Best to get some advice as you say.
What makes you think the son will qualify for ER?
I dunno as the OP claimed he would. "He" is ambiguous in his response.
Gifting to a connected person that is not their spouse.
Hmmmmm - https://www.gov.uk/hmrc-internal-manuals/capital-gains-manual/cg14530
Only if both transferor and recipient agree.
Has the son been advised on the implications for him so he is giving that consent in an informed fashion?
You might also want to consider the IHT effects, since this is also passing some of father's estate to his son.
I don't have a great deal of experience with CGT so conscious of providing incorrect info which may come back to bite the client.
You need to pass on the client to someone with sufficient knowledge. Don't try to do it yourself. It won't come back to bite your client; it'll come back to bite you - and your PII may not pay out if you have been advising outside your knowledge/experience.

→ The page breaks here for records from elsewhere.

lemma exists_quant_scale_near:
  assumes "0 < al" "a < b" "a \<le> z" "z \<le> b"
  shows "\<exists>j<quant_num a b al. \<bar>z - quant_scale a b al j\<bar> \<le> al"
proof -
  define Q where "Q = quant_num a b al"
  have Q_gt: "(b - a) / (2 * al) < real Q" unfolding Q_def by (rule quant_num_gt)
  then have width: "b - a < 2 * al * real Q" using assms(1) by (simp add: field_simps)
  have "0 < (b - a) / (2 * al)" using assms(1,2) by simp
  with Q_gt have "Q > 0" by simp
  define h where "h = (b - a) / real Q"
  have "h > 0" using assms(2) \<open>Q > 0\<close> unfolding h_def by simp
  have "h / 2 < al" using width \<open>Q > 0\<close> unfolding h_def by (simp add: field_simps)
  define t where "t = (z - a) / h"
  have "0 \<le> t" "t \<le> real Q"
    using assms \<open>h > 0\<close> \<open>Q > 0\<close> unfolding t_def h_def by (simp_all add: field_simps)
  then obtain j where "j < Q" and j: "\<bar>t - (real j + 1/2)\<bar> \<le> 1/2"
    using exists_half_integer_near \<open>Q > 0\<close> by blast
  have "z = a + t * h" using \<open>h > 0\<close> unfolding t_def by simp
  moreover have "quant_scale a b al j = a + (real j + 1/2) * h"
    unfolding quant_scale_def h_def Q_def by simp
  ultimately have "z - quant_scale a b al j = (t - (real j + 1/2)) * h"
    by (simp add: algebra_simps)
  then have "\<bar>z - quant_scale a b al j\<bar> \<le> h / 2"
    using j \<open>h > 0\<close> by (simp add: abs_mult mult_right_mono)
  then show ?thesis using \<open>j < Q\<close> \<open>h / 2 < al\<close> unfolding Q_def by force
qed

lemma finite_rep_set: "finite (rep_set a b Pt alpha)"
  unfolding rep_set_def by (intro finite_imageI finite_PiE) auto

lemma card_rep_set_le: "card (rep_set a b (Pt :: 'k::finite set) alpha) \<le> rep_set_size a b Pt alpha"
proof -
  have "card (rep_set a b Pt alpha) \<le> card (PiE Pt (\<lambda>k. {..<quant_num a b (alpha k)}))"
    unfolding rep_set_def by (intro card_image_le finite_PiE) auto
  also have "\<dots> = rep_set_size a b Pt alpha"
    by (simp add: card_PiE rep_set_size_def)
  finally show ?thesis .
qed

I agree with Accountant A. There's companies out there that specialise in CGT and only charge your client if they are successful in reducing the CGT bill. Their fees aren't extortionate and they will be best suited to help your client if you don't have the necessary experience/knowledge. In my experience, clients are more than happy to be referred to a specialist in a situation like this if it will ultimately reduce their tax bill and ensure they are receiving the most relevant advice.
You don’t need to be a CGT expert to read the rules on entrepreneur’s relief. The son clearly doesn’t meet the conditions but the rate is still 10% if the gains over the allowance fall into the basic rate band.
But see Adam12345’s post - what you propose doesn’t work since the reserves exceed £25k.